- _DATA PROVIDED_:

lemma sqrt_add_sqrt_eq:
  fixes x y :: real
  assumes "0 < x" "0 < y"
  shows "sqrt x + sqrt y = sqrt ((x + y) * (1 + sqrt (4 * (x / (x + y)) * (1 - x / (x + y)))))"
proof -
  have "4 * (x / (x + y)) * (1 - x / (x + y)) = (2 * sqrt x * sqrt y / (x + y))\<^sup>2"
    using assms by (simp add: field_simps power2_eq_square)
  then have "sqrt (4 * (x / (x + y)) * (1 - x / (x + y))) = 2 * sqrt x * sqrt y / (x + y)"
    using assms by simp
  then have "(x + y) * (1 + sqrt (4 * (x / (x + y)) * (1 - x / (x + y)))) = (sqrt x + sqrt y)\<^sup>2"
    using assms by (simp add: field_simps power2_sum)
  then show ?thesis
    using assms by simp
qed
lemma lift_scale: "0 \<le> c \<Longrightarrow> lift (\<lambda>j. c * x j) = (\<lambda>e. c * lift x e)"
  by (auto simp: lift_def lift_coord_def block_min_def min_mult_distrib_left right_diff_distrib
      split: prod.split)

text \<open>A face misses a vertex of every block, so on every block \<open>f\<close> has minimum \<open>0\<close>;
  subtracting the block minimum from the differences therefore gives back \<open>f\<close>.\<close>

lemma lift_edge_diff:
  assumes f: "f \<in> realization_set faces"
  shows "lift (edge_diff f) = f"
proof
  fix e
  show "lift (edge_diff f) e = f e"
  proof (cases "e \<in> verts")
    case True
    then obtain i k where i: "i \<le> n" and k: "k < 3" and e: "e = tri i k"
      by (auto simp: verts_def)
    have "\<exists>k<3. f (tri i k) = 0"
      using realization_vanishes_on_block[OF f i] .
    then have "f (tri i 0) = 0 \<or> f (tri i 1) = 0 \<or> f (tri i 2) = 0"
      using less_3_cases by blast
    then have "block_min (edge_diff f) i = - f (tri i 2)"
      using min_min_diff_eq_neg realization_nonneg[OF f]
        edge_diff_block[OF i, of 0 f] edge_diff_block[OF i, of 1 f]
      by (simp add: block_min_def)
    then show ?thesis
      using less_3_cases[OF k] edge_diff_block[OF i, of 0 f] edge_diff_block[OF i, of 1 f]
      by (auto simp: e lift_tri[OF i k] lift_coord_def)
  qed (simp add: lift_def realization_outside_verts[OF f])
qed

lemma edge_diff_lift:
  assumes "\<forall>j>2 * n + 1. x j = 0"
  shows "edge_diff (lift x) = x"
proof
  fix j
  show "edge_diff (lift x) j = x j"
  proof (cases "j < 2 * n + 2")
    case True
    then have "j div 2 \<le> n" "j mod 2 < 3" by auto
    then show ?thesis
      using True by (simp add: edge_diff_def lift_tri lift_coord_def)
  qed (use assms in \<open>simp add: edge_diff_def\<close>)
qed
lemma greedy_step_rl_min_pos:
  assumes x: "x \<in> rl_min_pos tau n" "x \<noteq> n"
  shows "greedy_step tau n x = Min {t \<in> records. x < t}"
proof -
  have x_in: "x \<in> {1..n}" and "m \<le> x"
    using x rl_min_pos_ge[of x] unfolding rl_min_pos_def by auto
  define s where "s = (ARG_MIN tau s. s \<in> {x<..n})"
  have "x < n"
    using x_in x(2) by simp
  then have s: "s \<in> {x<..n}" "\<And>y. y \<in> {x<..n} \<Longrightarrow> tau s \<le> tau y"
    unfolding s_def using arg_min_nat_lemma[of "\<lambda>s. s \<in> {x<..n}" n tau] by auto
  then have s_in: "s \<in> {1..n}"
    using x_in by auto
  have s_min: "tau s < tau y" if "y \<in> {x<..n}" "y \<noteq> s" for y
    using s(2)[OF that(1)] that x_in s_in inj_on_eq_iff[OF inj, of y s] by fastforce
  have "tau x < tau s"
    using x(1) s(1) unfolding rl_min_pos_def by auto
  then have "\<forall>w\<in>{x<..<s}. max (tau x) (tau s) < tau w"
    using s(1) s_min by auto
  moreover have "\<forall>z\<in>{s<..n}. tau s < max (tau x) (tau z)"
    using s(1) s_min by (auto simp: less_max_iff_disj)
  ultimately have "greedy_step tau n x = s"
    using s(1) by (intro greedy_step_eqI[OF inj x_in s_in]) auto
  moreover have "s \<in> rl_min_pos tau n"
    using s_in s(1) s_min unfolding rl_min_pos_def by auto
  moreover have "s \<le> t" if "t \<in> records" "x < t" for t
  proof (rule ccontr)
    assume "\<not> s \<le> t"
    have "t \<notin> lr_min_pos tau n"
      using lr_min_pos_le[of t] \<open>m \<le> x\<close> \<open>x < t\<close> by auto
    then have "tau t < tau s"
      using that \<open>\<not> s \<le> t\<close> s(1) unfolding records_def rl_min_pos_def by auto
    moreover have "tau s < tau t"
      using s_min[of t] that \<open>\<not> s \<le> t\<close> s(1) unfolding records_def rl_min_pos_def by auto
    ultimately show False
      by simp
  qed
  ultimately show ?thesis
    using s(1) finite_records by (intro Min_eqI[symmetric]) (auto simp: records_def)
qed
(* Let $0<L<\widetilde{\mathrm{snr}}$, and let $$p_m=2Q\big(\sqrt{3L}\big),\qquad\text{equivalently}\qquad L=\tfrac13\left[Q^{-1}(p_m/2)\right]^2.$$ Run the scalar modulo scheme for $N$ rounds with a PAM constellation of $M=2^{NR}$ points and the parameters $\alpha,\beta_n,\gamma_n$ given in the context. Then: - each modulo-aliasing event of the coupled system has probability exactly $p_m$; - the error probability satisfies $$p_e\le (N-1)\,p_m+2Q\!\left(\sqrt{\frac{3\,\mathrm{snr}_N}{2^{2NR}-1}}\right),\qquad\text{where}\qquad \mathrm{snr}_N=\mathrm{snr}\left(1+\mathrm{snr}\cdot\frac{1-L\,\widetilde{\mathrm{snr}}^{-1}}{1+L\,\Delta^{-1}}\right)^{N-1}.$$
   Context: Notation. $Q(x)=\frac{1}{\sqrt{2\pi}}\int_x^\infty e^{-u^2/2}du$. Channels. Feedforward channel $Y_n=X_n+Z_n$ with $Z_n\sim\mathcal N(0,\sigma^2)$ and power $P$. Feedback channel $\widetilde Y_n=\widetilde X_n+\widetilde Z_n$ with $\widetilde Z_n\sim\mathcal N(0,\widetilde\sigma^2)$ and power $\widetilde P$. The noises are i.i.d., mutually independent and independent of the message. Set $\mathrm{snr}=P/\sigma^2$, $\widetilde{\mathrm{snr}}=\widetilde P/\widetilde\sigma^2$ and $\Delta=\widetilde{\mathrm{snr}}/\mathrm{snr}$. Modulo. $[x]_d:=x-d\cdot\mathrm{round}(x/d)$ with $d=\sqrt{12\widetilde P}$. Shared dithers $V_n$ are i.i.d. uniform on $[-d/2,d/2)$. PAM. The message is mapped to $\Theta\in\{\pm\eta,\dots,\pm(M-1)\eta\}$ with $\eta=\sqrt{3/(M^2-1)}$. Scalar modulo scheme. - $X_1=\sqrt P\Theta$, and $\hat\Theta_1=Y_1/\sqrt P$. - For $n=1,\dots,N-1$: - $\widetilde X_n=[\gamma_n\hat\Theta_n+V_n]_d$; - $\tilde\varepsilon_n=[\widetilde Y_n-\gamma_n\Theta-V_n]_d$; - $X_{n+1}=\alpha\tilde\varepsilon_n$; - $\hat\Theta_{n+1}=\hat\Theta_n-\beta_{n+1}Y_{n+1}$. - Terminal B decodes the PAM point nearest to $\hat\Theta_N$. Parameters: $$\alpha=\sqrt{LP/\widetilde P},\qquad \gamma_n=\sigma_n^{-1}\sqrt{\widetilde P/L-\widetilde\sigma^2},\qquad \beta_{n+1}=\frac{\sigma_n}{\sigma}\cdot\frac{\sqrt{\mathrm{snr}(1-L/\widetilde{\mathrm{snr}})}}{1+\mathrm{snr}},$$ with $$\sigma_n^2=\mathrm{snr}^{-1}\left(1+\mathrm{snr}\cdot\frac{1-L\widetilde{\mathrm{snr}}^{-1}}{1+L\Delta^{-1}}\right)^{1-n}.$$ Coupled system. This is the same system (same message, dithers and noise realizations) with all modulo operations removed. Its modulo-aliasing events are $\{\gamma_n\varepsilon'_n+\widetilde Z_n\notin[-d/2,d/2)\}$ for $n=1,\dots,N-1$, where $\varepsilon'_n$ is the estimation error $\hat\Theta'_n-\Theta$ of the coupled system. *)

theory Defs
  imports "HOL-Probability.Probability"
begin

definition Qfun :: "real \<Rightarrow> real" where
  "Qfun x = (LBINT u:{x<..}. std_normal_density u)"

text \<open>Centred modulo [x]_d = x - d * round(x/d), values in [-d/2, d/2).\<close>
definition modd :: "real \<Rightarrow> real \<Rightarrow> real" where
  "modd d x = x - d * real_of_int (round (x / d))"

definition pam :: "nat \<Rightarrow> nat \<Rightarrow> real" where
  "pam M k = (2 * real k - (real M - 1)) * sqrt (3 / ((real M)\<^sup>2 - 1))"

text \<open>Channel quantities; sigma, sigmat are noise standard deviations.\<close>
definition snr :: "real \<Rightarrow> real \<Rightarrow> real" where
  "snr P \<sigma> = P / \<sigma>\<^sup>2"

definition Delta :: "real \<Rightarrow> real \<Rightarrow> real \<Rightarrow> real \<Rightarrow> real" where
  "Delta P \<sigma> Pt \<sigma>t = snr Pt \<sigma>t / snr P \<sigma>"

definition dmod :: "real \<Rightarrow> real" where
  "dmod Pt = sqrt (12 * Pt)"

definition gfac :: "real \<Rightarrow> real \<Rightarrow> real \<Rightarrow> real \<Rightarrow> real \<Rightarrow> real" where
  "gfac P \<sigma> Pt \<sigma>t L =
     1 + snr P \<sigma> * (1 - L / snr Pt \<sigma>t) / (1 + L / Delta P \<sigma> Pt \<sigma>t)"

definition sig :: "real \<Rightarrow> real \<Rightarrow> real \<Rightarrow> real \<Rightarrow> real \<Rightarrow> nat \<Rightarrow> real" where
  "sig P \<sigma> Pt \<sigma>t L n =
     sqrt (inverse (snr P \<sigma>) * gfac P \<sigma> Pt \<sigma>t L powr (1 - real n))"

definition alpha :: "real \<Rightarrow> real \<Rightarrow> real \<Rightarrow> real" where
  "alpha P Pt L = sqrt (L * P / Pt)"

definition gam :: "real \<Rightarrow> real \<Rightarrow> real \<Rightarrow> real \<Rightarrow> real \<Rightarrow> nat \<Rightarrow> real" where
  "gam P \<sigma> Pt \<sigma>t L n = sqrt (Pt / L - \<sigma>t\<^sup>2) / sig P \<sigma> Pt \<sigma>t L n"

text \<open>betaN ... n is beta_{n+1} of the paper.\<close>
definition betaN :: "real \<Rightarrow> real \<Rightarrow> real \<Rightarrow> real \<Rightarrow> real \<Rightarrow> nat \<Rightarrow> real" where
  "betaN P \<sigma> Pt \<sigma>t L n =
     sig P \<sigma> Pt \<sigma>t L n / \<sigma> * sqrt (snr P \<sigma> * (1 - L / snr Pt \<sigma>t)) / (1 + snr P \<sigma>)"

text \<open>Receiver estimate of the scheme, with modulo map md (md = modd d for the
  actual scheme, md = id for the coupled system).
  est md ... theta v z zt m  is  hat Theta_{m+1}.\<close>
primrec est :: "(real \<Rightarrow> real) \<Rightarrow> real \<Rightarrow> real \<Rightarrow> real \<Rightarrow> real \<Rightarrow> real \<Rightarrow> real
    \<Rightarrow> (nat \<Rightarrow> real) \<Rightarrow> (nat \<Rightarrow> real) \<Rightarrow> (nat \<Rightarrow> real) \<Rightarrow> nat \<Rightarrow> real" where
  "est md P \<sigma> Pt \<sigma>t L \<theta> v z zt 0 = (sqrt P * \<theta> + z 1) / sqrt P"
| "est md P \<sigma> Pt \<sigma>t L \<theta> v z zt (Suc m) =
     (let n = Suc m;
          th = est md P \<sigma> Pt \<sigma>t L \<theta> v z zt m;
          Xt = md (gam P \<sigma> Pt \<sigma>t L n * th + v n);
          Yt = Xt + zt n;
          et = md (Yt - gam P \<sigma> Pt \<sigma>t L n * \<theta> - v n);
          X = alpha P Pt L * et;
          Y = X + z (Suc n)
      in th - betaN P \<sigma> Pt \<sigma>t L n * Y)"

- _PROBLEM DESCRIPTION_: In the listing above, count the lines where the string "noteq" occurs, then give that count and nothing else.

- _EXERCISE OUTPUT_: 2